ACTIVITY:
Each entry below has to be written out again exactly.

(PROVIDED MATERIAL begins)

lemma un_reindex_canonical_binary_join:
  assumes \<alpha>: "\<alpha> \<in> Pc (ccod C f \<times>\<^sub>c B)" and \<beta>: "\<beta> \<in> Pc (ccod C f \<times>\<^sub>c D)"
    and \<gamma>: "is_lub (Pc (ccod C f \<times>\<^sub>c B \<times>\<^sub>c D)) (le (ccod C f \<times>\<^sub>c B \<times>\<^sub>c D))
               {rx (id_times_fst (ccod C f) B D) \<alpha>, rx (id_times_snd (ccod C f) B D) \<beta>} \<gamma>"
  shows "is_lub (raw (cdom C f)) (pre (cdom C f))
           {un_reindex f (B, \<alpha>), un_reindex f (D, \<beta>)} (un_reindex f (B \<times>\<^sub>c D, \<gamma>))"
proof -
  let ?t = "ctimes_id C f" and ?fst = "id_times_fst (ccod C f) B D" and ?snd = "id_times_snd (ccod C f) B D"
  have "rx (?t (B \<times>\<^sub>c D)) (rx ?fst \<alpha>) = rx (id_times_fst (cdom C f) B D) (rx (?t B) \<alpha>)"
    using \<alpha> by (intro rx_commuting_square id_times_fst_natural) simp_all
  moreover have "rx (?t (B \<times>\<^sub>c D)) (rx ?snd \<beta>) = rx (id_times_snd (cdom C f) B D) (rx (?t D) \<beta>)"
    using \<beta> by (intro rx_commuting_square id_times_snd_natural) simp_all
  moreover have "is_lub (Pc (cdom C f \<times>\<^sub>c B \<times>\<^sub>c D)) (le (cdom C f \<times>\<^sub>c B \<times>\<^sub>c D))
      (rx (?t (B \<times>\<^sub>c D)) ` {rx ?fst \<alpha>, rx ?snd \<beta>}) (rx (?t (B \<times>\<^sub>c D)) \<gamma>)"
    using \<alpha> \<beta> \<gamma> rx_closed[of \<alpha> ?fst] rx_closed[of \<beta> ?snd]
      rx_is_lub[of "{rx ?fst \<alpha>, rx ?snd \<beta>}" "?t (B \<times>\<^sub>c D)" \<gamma>]
    by simp
  ultimately show ?thesis
    using \<alpha> \<beta> rx_closed[of \<alpha> "?t B"] rx_closed[of \<beta> "?t D"]
    by (simp add: un_reindex_def un_binary_join)
qed

lemma un_reindex_binary_join:
  assumes "a \<in> raw (ccod C f)" "c \<in> raw (ccod C f)"
    and j: "is_lub (raw (ccod C f)) (pre (ccod C f)) {a, c} j"
  shows "is_lub (raw (cdom C f)) (pre (cdom C f)) {un_reindex f a, un_reindex f c} (un_reindex f j)"
proof -
  obtain B \<alpha> D \<beta> where ac: "a = (B, \<alpha>)" "c = (D, \<beta>)"
    and \<alpha>: "\<alpha> \<in> Pc (ccod C f \<times>\<^sub>c B)" and \<beta>: "\<beta> \<in> Pc (ccod C f \<times>\<^sub>c D)"
    using assms(1,2) by (cases a, cases c) auto
  obtain \<gamma> where \<gamma>: "is_lub (Pc (ccod C f \<times>\<^sub>c B \<times>\<^sub>c D)) (le (ccod C f \<times>\<^sub>c B \<times>\<^sub>c D))
      {rx (id_times_fst (ccod C f) B D) \<alpha>, rx (id_times_snd (ccod C f) B D) \<beta>} \<gamma>"
    using ex_un_binary_join[OF \<alpha> \<beta>] by blast
  show ?thesis
    using un_reindex_is_lub_cong[of "{a, c}" f j "(B \<times>\<^sub>c D, \<gamma>)"] j \<alpha> \<beta> ac
      un_binary_join[OF \<alpha> \<beta> \<gamma>] un_reindex_canonical_binary_join[OF \<alpha> \<beta> \<gamma>]
    by simp
qed

lemma un_reindex_preserves_finite_joins:
  "preserves_finite_joins (raw (ccod C f)) (pre (ccod C f)) (raw (cdom C f)) (pre (cdom C f)) (un_reindex f)"
  using un_reindex_image_subset un_reindex_bottom un_reindex_binary_join
  by (rule preserves_finite_joinsI[OF un_pre_preorder un_pre_preorder un_raw_has_finite_joins])

end

theorem proposition3:
  fixes C :: "('o, 'a) fpcat"
    and Pc :: "'o \<Rightarrow> 'e set"
    and le :: "'o \<Rightarrow> 'e \<Rightarrow> 'e \<Rightarrow> bool"
    and rx :: "'a \<Rightarrow> 'e \<Rightarrow> 'e"
  assumes "is_fp_category C"
    and "is_doctrine C Pc le rx"
    and "\<forall>A. has_finite_joins (Pc A) (le A)"
    and "\<forall>f. preserves_finite_joins (Pc (ccod C f)) (le (ccod C f))
                                    (Pc (cdom C f)) (le (cdom C f)) (rx f)"
  shows "(\<forall>A. has_finite_joins (Pun C Pc le rx A) (Pun_le C le rx A))
       \<and> (\<forall>f. preserves_finite_joins (Pun C Pc le rx (ccod C f)) (Pun_le C le rx (ccod C f))
                 (Pun C Pc le rx (cdom C f)) (Pun_le C le rx (cdom C f)) (Pun_map C Pc le rx f))"
proof -
  interpret finite_join_doctrine C Pc le rx
    using assms by unfold_locales
  show ?thesis
    unfolding Pun_eq_reflection Pun_le_eq_reflection_le
  proof (intro conjI allI)
    fix A
    show "has_finite_joins (reflection_class (raw A) (pre A) ` raw A) (reflection_le (pre A))"
      by (rule carrier_preorder.has_finite_joins_reflection[OF un_pre_preorder un_raw_has_finite_joins])
  next
    fix f
    show "preserves_finite_joins
            (reflection_class (raw (ccod C f)) (pre (ccod C f)) ` raw (ccod C f)) (reflection_le (pre (ccod C f)))
            (reflection_class (raw (cdom C f)) (pre (cdom C f)) ` raw (cdom C f)) (reflection_le (pre (cdom C f)))
            (Pun_map C Pc le rx f)"
      by (rule preserves_finite_joins_reflection[OF un_pre_preorder un_pre_preorder
            un_reindex_preserves_finite_joins un_reindex_image_subset Pun_map_reflection_class])
  qed
qed

end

(PROVIDED MATERIAL ends)

ANSWER:
lemma un_reindex_canonical_binary_join:
  assumes \<alpha>: "\<alpha> \<in> Pc (ccod C f \<times>\<^sub>c B)" and \<beta>: "\<beta> \<in> Pc (ccod C f \<times>\<^sub>c D)"
    and \<gamma>: "is_lub (Pc (ccod C f \<times>\<^sub>c B \<times>\<^sub>c D)) (le (ccod C f \<times>\<^sub>c B \<times>\<^sub>c D))
               {rx (id_times_fst (ccod C f) B D) \<alpha>, rx (id_times_snd (ccod C f) B D) \<beta>} \<gamma>"
  shows "is_lub (raw (cdom C f)) (pre (cdom C f))
           {un_reindex f (B, \<alpha>), un_reindex f (D, \<beta>)} (un_reindex f (B \<times>\<^sub>c D, \<gamma>))"
proof -
  let ?t = "ctimes_id C f" and ?fst = "id_times_fst (ccod C f) B D" and ?snd = "id_times_snd (ccod C f) B D"
  have "rx (?t (B \<times>\<^sub>c D)) (rx ?fst \<alpha>) = rx (id_times_fst (cdom C f) B D) (rx (?t B) \<alpha>)"
    using \<alpha> by (intro rx_commuting_square id_times_fst_natural) simp_all
  moreover have "rx (?t (B \<times>\<^sub>c D)) (rx ?snd \<beta>) = rx (id_times_snd (cdom C f) B D) (rx (?t D) \<beta>)"
    using \<beta> by (intro rx_commuting_square id_times_snd_natural) simp_all
  moreover have "is_lub (Pc (cdom C f \<times>\<^sub>c B \<times>\<^sub>c D)) (le (cdom C f \<times>\<^sub>c B \<times>\<^sub>c D))
      (rx (?t (B \<times>\<^sub>c D)) ` {rx ?fst \<alpha>, rx ?snd \<beta>}) (rx (?t (B \<times>\<^sub>c D)) \<gamma>)"
    using \<alpha> \<beta> \<gamma> rx_closed[of \<alpha> ?fst] rx_closed[of \<beta> ?snd]
      rx_is_lub[of "{rx ?fst \<alpha>, rx ?snd \<beta>}" "?t (B \<times>\<^sub>c D)" \<gamma>]
    by simp
  ultimately show ?thesis
    using \<alpha> \<beta> rx_closed[of \<alpha> "?t B"] rx_closed[of \<beta> "?t D"]
    by (simp add: un_reindex_def un_binary_join)
qed

lemma un_reindex_binary_join:
  assumes "a \<in> raw (ccod C f)" "c \<in> raw (ccod C f)"
    and j: "is_lub (raw (ccod C f)) (pre (ccod C f)) {a, c} j"
  shows "is_lub (raw (cdom C f)) (pre (cdom C f)) {un_reindex f a, un_reindex f c} (un_reindex f j)"
proof -
  obtain B \<alpha> D \<beta> where ac: "a = (B, \<alpha>)" "c = (D, \<beta>)"
    and \<alpha>: "\<alpha> \<in> Pc (ccod C f \<times>\<^sub>c B)" and \<beta>: "\<beta> \<in> Pc (ccod C f \<times>\<^sub>c D)"
    using assms(1,2) by (cases a, cases c) auto
  obtain \<gamma> where \<gamma>: "is_lub (Pc (ccod C f \<times>\<^sub>c B \<times>\<^sub>c D)) (le (ccod C f \<times>\<^sub>c B \<times>\<^sub>c D))
      {rx (id_times_fst (ccod C f) B D) \<alpha>, rx (id_times_snd (ccod C f) B D) \<beta>} \<gamma>"
    using ex_un_binary_join[OF \<alpha> \<beta>] by blast
  show ?thesis
    using un_reindex_is_lub_cong[of "{a, c}" f j "(B \<times>\<^sub>c D, \<gamma>)"] j \<alpha> \<beta> ac
      un_binary_join[OF \<alpha> \<beta> \<gamma>] un_reindex_canonical_binary_join[OF \<alpha> \<beta> \<gamma>]
    by simp
qed

lemma un_reindex_preserves_finite_joins:
  "preserves_finite_joins (raw (ccod C f)) (pre (ccod C f)) (raw (cdom C f)) (pre (cdom C f)) (un_reindex f)"
  using un_reindex_image_subset un_reindex_bottom un_reindex_binary_join
  by (rule preserves_finite_joinsI[OF un_pre_preorder un_pre_preorder un_raw_has_finite_joins])

end

theorem proposition3:
  fixes C :: "('o, 'a) fpcat"
    and Pc :: "'o \<Rightarrow> 'e set"
    and le :: "'o \<Rightarrow> 'e \<Rightarrow> 'e \<Rightarrow> bool"
    and rx :: "'a \<Rightarrow> 'e \<Rightarrow> 'e"
  assumes "is_fp_category C"
    and "is_doctrine C Pc le rx"
    and "\<forall>A. has_finite_joins (Pc A) (le A)"
    and "\<forall>f. preserves_finite_joins (Pc (ccod C f)) (le (ccod C f))
                                    (Pc (cdom C f)) (le (cdom C f)) (rx f)"
  shows "(\<forall>A. has_finite_joins (Pun C Pc le rx A) (Pun_le C le rx A))
       \<and> (\<forall>f. preserves_finite_joins (Pun C Pc le rx (ccod C f)) (Pun_le C le rx (ccod C f))
                 (Pun C Pc le rx (cdom C f)) (Pun_le C le rx (cdom C f)) (Pun_map C Pc le rx f))"
proof -
  interpret finite_join_doctrine C Pc le rx
    using assms by unfold_locales
  show ?thesis
    unfolding Pun_eq_reflection Pun_le_eq_reflection_le
  proof (intro conjI allI)
    fix A
    show "has_finite_joins (reflection_class (raw A) (pre A) ` raw A) (reflection_le (pre A))"
      by (rule carrier_preorder.has_finite_joins_reflection[OF un_pre_preorder un_raw_has_finite_joins])
  next
    fix f
    show "preserves_finite_joins
            (reflection_class (raw (ccod C f)) (pre (ccod C f)) ` raw (ccod C f)) (reflection_le (pre (ccod C f)))
            (reflection_class (raw (cdom C f)) (pre (cdom C f)) ` raw (cdom C f)) (reflection_le (pre (cdom C f)))
            (Pun_map C Pc le rx f)"
      by (rule preserves_finite_joins_reflection[OF un_pre_preorder un_pre_preorder
            un_reindex_preserves_finite_joins un_reindex_image_subset Pun_map_reflection_class])
  qed
qed

end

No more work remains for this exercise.